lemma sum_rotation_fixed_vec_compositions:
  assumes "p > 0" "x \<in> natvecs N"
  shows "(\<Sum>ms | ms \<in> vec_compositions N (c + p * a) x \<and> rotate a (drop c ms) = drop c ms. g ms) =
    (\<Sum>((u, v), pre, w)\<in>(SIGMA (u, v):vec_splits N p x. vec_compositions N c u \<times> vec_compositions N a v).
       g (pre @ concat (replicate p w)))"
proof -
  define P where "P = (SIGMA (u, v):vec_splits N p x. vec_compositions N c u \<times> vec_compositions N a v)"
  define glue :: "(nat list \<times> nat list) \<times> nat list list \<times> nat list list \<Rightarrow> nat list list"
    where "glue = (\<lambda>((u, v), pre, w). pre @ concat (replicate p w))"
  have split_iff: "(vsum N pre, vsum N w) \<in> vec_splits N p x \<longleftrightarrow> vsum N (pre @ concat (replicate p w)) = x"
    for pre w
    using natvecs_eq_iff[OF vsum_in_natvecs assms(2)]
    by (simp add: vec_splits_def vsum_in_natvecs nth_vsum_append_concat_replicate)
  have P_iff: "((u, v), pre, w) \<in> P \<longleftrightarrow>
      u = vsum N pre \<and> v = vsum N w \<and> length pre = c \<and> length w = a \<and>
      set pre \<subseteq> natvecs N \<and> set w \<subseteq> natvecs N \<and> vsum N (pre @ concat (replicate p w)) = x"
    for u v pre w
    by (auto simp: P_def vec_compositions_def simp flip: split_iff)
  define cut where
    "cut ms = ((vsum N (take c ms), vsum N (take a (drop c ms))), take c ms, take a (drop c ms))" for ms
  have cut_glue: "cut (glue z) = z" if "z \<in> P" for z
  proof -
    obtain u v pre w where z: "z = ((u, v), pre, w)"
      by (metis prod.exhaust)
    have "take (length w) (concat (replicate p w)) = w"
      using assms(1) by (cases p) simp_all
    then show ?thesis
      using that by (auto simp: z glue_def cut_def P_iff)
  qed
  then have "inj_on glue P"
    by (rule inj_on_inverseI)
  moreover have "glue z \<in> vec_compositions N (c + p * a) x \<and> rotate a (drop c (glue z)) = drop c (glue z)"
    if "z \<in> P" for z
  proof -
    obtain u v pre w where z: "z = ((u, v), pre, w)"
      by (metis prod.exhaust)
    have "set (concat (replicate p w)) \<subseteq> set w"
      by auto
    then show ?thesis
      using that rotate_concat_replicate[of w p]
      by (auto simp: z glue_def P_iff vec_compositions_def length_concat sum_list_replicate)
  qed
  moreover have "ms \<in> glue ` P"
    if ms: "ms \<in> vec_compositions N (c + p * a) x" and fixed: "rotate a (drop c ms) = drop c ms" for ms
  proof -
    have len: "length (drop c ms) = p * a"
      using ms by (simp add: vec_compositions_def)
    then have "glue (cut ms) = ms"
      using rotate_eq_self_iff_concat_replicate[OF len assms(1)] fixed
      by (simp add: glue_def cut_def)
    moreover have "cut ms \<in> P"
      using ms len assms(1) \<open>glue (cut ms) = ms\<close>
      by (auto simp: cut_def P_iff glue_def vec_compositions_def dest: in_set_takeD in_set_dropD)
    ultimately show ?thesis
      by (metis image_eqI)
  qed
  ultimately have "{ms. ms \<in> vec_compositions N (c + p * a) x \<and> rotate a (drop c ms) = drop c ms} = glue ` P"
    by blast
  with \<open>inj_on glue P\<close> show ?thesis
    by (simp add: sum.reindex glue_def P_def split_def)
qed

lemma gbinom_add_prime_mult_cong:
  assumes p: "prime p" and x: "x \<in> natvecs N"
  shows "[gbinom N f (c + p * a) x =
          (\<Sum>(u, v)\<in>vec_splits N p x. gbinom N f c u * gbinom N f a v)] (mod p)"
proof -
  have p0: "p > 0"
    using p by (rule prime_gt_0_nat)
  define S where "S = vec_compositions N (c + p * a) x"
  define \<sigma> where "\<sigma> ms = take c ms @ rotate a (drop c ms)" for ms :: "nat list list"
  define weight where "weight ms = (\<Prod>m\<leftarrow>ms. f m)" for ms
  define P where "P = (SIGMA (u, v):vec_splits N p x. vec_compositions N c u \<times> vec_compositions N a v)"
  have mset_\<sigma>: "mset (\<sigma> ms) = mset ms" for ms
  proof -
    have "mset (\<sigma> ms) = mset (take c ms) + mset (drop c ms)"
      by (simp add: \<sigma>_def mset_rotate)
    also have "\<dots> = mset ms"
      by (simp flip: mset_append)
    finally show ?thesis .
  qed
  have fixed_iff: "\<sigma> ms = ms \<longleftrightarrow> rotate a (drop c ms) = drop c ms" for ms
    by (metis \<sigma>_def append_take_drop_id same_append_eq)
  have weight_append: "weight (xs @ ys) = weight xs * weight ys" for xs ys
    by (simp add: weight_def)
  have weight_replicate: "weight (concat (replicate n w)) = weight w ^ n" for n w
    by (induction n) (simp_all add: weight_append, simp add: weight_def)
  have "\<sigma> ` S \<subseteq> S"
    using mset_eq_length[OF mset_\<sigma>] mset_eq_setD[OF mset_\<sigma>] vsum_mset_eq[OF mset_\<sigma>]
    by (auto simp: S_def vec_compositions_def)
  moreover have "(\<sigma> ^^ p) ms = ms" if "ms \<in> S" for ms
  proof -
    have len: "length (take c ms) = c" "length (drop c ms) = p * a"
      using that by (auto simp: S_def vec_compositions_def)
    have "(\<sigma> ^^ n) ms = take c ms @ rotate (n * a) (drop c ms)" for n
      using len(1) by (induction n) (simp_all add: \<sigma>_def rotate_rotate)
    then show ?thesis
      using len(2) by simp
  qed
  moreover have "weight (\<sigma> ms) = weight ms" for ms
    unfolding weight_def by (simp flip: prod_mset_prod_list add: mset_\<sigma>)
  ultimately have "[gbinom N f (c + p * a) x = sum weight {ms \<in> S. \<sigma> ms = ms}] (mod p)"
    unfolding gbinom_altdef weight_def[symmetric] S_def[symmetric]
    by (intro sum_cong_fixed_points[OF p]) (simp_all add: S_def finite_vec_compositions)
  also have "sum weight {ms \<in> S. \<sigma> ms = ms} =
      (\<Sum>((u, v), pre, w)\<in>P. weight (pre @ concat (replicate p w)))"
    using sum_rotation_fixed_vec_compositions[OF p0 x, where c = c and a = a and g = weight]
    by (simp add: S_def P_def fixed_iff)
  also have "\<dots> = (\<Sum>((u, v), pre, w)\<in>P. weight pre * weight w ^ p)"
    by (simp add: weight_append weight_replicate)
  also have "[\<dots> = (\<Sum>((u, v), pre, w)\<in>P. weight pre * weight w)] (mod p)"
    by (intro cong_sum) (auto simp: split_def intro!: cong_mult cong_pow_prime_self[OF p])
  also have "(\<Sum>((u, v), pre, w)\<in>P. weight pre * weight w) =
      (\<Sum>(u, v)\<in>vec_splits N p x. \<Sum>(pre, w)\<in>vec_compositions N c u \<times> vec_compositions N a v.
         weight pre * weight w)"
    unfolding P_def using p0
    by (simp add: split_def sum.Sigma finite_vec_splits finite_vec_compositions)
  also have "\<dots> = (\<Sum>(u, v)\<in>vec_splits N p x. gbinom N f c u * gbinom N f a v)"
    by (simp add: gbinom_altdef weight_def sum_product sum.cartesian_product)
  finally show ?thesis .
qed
========
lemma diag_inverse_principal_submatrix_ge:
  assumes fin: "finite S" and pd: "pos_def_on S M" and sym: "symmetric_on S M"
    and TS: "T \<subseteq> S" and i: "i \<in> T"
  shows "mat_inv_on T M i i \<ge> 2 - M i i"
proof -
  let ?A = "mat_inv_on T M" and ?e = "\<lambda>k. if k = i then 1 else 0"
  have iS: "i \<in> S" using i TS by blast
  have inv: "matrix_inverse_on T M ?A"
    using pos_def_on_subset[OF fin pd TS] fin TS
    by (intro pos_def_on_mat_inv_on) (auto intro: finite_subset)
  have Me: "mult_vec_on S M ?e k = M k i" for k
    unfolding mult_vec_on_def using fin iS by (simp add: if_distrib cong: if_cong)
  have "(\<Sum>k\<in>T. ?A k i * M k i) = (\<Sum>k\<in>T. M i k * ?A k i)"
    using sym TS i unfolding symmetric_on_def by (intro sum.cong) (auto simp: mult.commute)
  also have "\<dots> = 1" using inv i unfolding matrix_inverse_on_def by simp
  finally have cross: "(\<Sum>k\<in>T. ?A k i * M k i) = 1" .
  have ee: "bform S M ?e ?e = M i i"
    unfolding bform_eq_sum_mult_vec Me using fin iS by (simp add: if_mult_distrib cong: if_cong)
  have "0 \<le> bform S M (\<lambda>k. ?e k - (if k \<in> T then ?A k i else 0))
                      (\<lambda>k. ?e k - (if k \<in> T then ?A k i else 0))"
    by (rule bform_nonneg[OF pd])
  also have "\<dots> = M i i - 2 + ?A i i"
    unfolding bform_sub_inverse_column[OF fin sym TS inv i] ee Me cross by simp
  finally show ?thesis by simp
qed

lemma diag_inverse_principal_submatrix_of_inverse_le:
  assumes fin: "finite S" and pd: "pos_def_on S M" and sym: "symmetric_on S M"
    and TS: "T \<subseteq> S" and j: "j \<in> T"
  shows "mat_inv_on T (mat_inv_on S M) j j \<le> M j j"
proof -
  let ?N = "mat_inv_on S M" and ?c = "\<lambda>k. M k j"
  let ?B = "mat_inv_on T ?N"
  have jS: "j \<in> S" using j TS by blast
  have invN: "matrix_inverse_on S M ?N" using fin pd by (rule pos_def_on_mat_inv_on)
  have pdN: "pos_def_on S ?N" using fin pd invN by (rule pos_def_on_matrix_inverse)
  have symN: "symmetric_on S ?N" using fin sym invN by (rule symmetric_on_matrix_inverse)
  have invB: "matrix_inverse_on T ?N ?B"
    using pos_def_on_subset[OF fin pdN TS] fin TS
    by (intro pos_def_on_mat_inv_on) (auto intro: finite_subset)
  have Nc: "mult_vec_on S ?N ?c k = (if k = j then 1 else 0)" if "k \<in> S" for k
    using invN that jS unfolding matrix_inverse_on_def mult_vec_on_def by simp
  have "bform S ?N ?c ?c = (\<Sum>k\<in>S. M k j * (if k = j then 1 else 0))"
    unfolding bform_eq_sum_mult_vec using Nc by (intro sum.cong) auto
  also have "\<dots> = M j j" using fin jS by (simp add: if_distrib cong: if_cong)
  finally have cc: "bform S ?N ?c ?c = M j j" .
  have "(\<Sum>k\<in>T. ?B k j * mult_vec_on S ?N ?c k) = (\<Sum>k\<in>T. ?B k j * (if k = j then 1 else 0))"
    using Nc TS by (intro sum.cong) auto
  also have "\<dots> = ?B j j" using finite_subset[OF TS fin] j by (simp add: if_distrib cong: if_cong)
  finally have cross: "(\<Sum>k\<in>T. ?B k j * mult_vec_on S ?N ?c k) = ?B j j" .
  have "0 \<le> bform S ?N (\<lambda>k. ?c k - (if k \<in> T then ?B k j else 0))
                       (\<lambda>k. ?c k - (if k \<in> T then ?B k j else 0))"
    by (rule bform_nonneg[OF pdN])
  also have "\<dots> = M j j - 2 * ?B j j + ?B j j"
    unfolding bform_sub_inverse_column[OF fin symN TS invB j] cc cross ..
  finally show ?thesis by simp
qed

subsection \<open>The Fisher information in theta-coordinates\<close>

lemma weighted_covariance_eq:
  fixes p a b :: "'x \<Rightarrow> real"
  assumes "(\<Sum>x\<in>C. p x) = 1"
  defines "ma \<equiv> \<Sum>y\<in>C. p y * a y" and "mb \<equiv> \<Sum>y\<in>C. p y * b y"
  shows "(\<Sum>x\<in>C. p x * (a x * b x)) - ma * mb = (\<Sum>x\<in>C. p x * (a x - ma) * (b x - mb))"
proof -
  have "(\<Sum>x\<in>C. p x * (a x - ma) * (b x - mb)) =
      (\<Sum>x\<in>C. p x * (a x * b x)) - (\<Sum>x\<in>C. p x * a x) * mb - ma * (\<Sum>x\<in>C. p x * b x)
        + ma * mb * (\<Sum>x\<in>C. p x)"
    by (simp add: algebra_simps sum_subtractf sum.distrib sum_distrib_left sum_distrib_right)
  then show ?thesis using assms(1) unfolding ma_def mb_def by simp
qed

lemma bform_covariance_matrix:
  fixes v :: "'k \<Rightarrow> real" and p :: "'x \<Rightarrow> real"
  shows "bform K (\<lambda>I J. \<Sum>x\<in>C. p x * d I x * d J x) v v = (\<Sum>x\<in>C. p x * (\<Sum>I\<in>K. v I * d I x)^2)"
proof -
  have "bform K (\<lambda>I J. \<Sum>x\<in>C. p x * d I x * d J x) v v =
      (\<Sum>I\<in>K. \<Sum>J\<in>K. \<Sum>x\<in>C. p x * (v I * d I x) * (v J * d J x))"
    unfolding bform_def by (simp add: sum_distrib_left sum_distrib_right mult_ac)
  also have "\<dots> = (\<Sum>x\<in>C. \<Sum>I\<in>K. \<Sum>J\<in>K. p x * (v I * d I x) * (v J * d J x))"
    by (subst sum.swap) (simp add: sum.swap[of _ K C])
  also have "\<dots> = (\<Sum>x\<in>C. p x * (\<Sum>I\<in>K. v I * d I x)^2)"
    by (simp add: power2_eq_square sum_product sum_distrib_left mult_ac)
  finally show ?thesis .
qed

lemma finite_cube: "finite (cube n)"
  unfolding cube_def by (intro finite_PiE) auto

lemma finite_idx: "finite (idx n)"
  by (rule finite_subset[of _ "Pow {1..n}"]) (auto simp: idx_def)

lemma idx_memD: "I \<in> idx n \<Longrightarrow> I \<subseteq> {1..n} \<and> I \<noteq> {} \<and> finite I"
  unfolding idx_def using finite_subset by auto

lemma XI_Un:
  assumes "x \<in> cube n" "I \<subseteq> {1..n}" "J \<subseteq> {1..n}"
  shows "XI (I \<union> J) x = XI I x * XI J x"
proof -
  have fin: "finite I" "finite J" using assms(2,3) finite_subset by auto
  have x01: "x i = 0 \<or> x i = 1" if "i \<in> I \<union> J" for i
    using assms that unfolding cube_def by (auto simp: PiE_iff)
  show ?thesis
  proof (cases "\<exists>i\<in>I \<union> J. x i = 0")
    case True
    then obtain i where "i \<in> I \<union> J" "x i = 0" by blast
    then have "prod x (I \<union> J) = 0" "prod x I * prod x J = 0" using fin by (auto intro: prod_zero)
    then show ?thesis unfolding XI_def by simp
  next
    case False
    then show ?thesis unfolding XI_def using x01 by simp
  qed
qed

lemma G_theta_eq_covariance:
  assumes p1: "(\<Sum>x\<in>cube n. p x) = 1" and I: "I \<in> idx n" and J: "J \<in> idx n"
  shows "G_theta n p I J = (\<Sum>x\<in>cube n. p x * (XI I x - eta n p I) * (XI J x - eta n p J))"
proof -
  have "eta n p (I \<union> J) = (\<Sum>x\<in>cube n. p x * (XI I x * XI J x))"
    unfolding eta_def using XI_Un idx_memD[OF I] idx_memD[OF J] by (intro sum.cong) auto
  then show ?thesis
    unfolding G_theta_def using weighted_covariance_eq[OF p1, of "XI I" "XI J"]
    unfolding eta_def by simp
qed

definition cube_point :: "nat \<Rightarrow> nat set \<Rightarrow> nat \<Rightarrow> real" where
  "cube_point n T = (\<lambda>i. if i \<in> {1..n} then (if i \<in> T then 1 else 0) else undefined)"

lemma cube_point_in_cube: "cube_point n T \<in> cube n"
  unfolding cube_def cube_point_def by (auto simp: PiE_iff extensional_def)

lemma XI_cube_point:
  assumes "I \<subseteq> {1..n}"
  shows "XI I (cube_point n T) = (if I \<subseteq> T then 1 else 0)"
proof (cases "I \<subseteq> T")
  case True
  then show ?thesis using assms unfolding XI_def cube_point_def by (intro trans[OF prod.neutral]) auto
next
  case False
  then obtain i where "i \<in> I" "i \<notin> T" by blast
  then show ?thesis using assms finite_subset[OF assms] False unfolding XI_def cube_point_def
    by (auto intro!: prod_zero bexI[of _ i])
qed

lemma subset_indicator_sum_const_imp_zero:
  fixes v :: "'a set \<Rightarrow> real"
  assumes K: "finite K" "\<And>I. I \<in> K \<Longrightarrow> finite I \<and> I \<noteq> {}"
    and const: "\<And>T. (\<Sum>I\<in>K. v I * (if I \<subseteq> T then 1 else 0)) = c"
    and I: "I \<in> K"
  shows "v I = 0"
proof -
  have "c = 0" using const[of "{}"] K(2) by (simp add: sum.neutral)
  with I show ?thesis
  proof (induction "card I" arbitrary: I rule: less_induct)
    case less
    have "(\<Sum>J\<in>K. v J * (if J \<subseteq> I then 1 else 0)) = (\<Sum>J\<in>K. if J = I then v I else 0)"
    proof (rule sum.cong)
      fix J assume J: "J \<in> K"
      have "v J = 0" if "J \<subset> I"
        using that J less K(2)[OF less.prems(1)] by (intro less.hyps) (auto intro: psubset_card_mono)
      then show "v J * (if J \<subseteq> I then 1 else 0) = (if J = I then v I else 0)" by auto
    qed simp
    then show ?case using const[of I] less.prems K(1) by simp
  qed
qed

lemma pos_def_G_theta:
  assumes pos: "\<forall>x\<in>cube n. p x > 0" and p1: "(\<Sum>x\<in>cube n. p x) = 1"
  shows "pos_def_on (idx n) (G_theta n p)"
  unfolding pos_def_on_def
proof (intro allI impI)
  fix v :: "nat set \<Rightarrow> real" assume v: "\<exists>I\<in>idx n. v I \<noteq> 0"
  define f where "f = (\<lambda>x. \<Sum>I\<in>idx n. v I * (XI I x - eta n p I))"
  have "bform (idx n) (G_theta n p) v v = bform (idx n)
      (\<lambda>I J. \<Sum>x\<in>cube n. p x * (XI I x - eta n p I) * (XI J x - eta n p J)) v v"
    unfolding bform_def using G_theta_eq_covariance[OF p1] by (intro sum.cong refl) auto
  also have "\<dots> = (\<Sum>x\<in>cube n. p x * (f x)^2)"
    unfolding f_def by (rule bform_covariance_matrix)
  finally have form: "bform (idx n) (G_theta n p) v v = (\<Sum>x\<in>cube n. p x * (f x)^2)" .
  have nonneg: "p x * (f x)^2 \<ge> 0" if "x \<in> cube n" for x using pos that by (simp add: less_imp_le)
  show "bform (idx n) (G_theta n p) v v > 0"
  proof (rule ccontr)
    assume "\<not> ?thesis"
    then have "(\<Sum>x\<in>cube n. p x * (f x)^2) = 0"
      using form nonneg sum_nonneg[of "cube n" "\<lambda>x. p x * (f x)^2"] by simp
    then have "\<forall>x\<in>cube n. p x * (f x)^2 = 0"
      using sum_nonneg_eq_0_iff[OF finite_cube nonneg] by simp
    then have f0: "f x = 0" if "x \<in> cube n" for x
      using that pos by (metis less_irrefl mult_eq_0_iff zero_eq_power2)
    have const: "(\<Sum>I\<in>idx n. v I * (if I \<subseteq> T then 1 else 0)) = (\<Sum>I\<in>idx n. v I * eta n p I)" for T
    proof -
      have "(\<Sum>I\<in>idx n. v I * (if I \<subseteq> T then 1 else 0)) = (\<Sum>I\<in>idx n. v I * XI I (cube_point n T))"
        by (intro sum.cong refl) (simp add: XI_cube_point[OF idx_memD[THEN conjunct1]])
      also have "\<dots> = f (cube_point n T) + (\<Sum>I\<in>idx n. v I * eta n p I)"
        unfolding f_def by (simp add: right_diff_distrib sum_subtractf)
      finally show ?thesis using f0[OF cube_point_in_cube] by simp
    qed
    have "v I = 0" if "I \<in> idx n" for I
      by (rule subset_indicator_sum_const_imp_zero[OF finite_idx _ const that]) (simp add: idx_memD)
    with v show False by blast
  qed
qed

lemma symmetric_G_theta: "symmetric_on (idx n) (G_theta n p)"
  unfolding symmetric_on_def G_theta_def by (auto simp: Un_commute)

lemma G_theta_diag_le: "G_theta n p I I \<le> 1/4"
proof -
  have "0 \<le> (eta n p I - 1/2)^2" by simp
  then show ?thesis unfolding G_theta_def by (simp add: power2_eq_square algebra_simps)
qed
========
→ ACTIVITY
Return, from the data, each line where the string "neutral" occurs.

→ WRITTEN RESPONSE
  then show ?thesis using assms unfolding XI_def cube_point_def by (intro trans[OF prod.neutral]) auto
  have "c = 0" using const[of "{}"] K(2) by (simp add: sum.neutral)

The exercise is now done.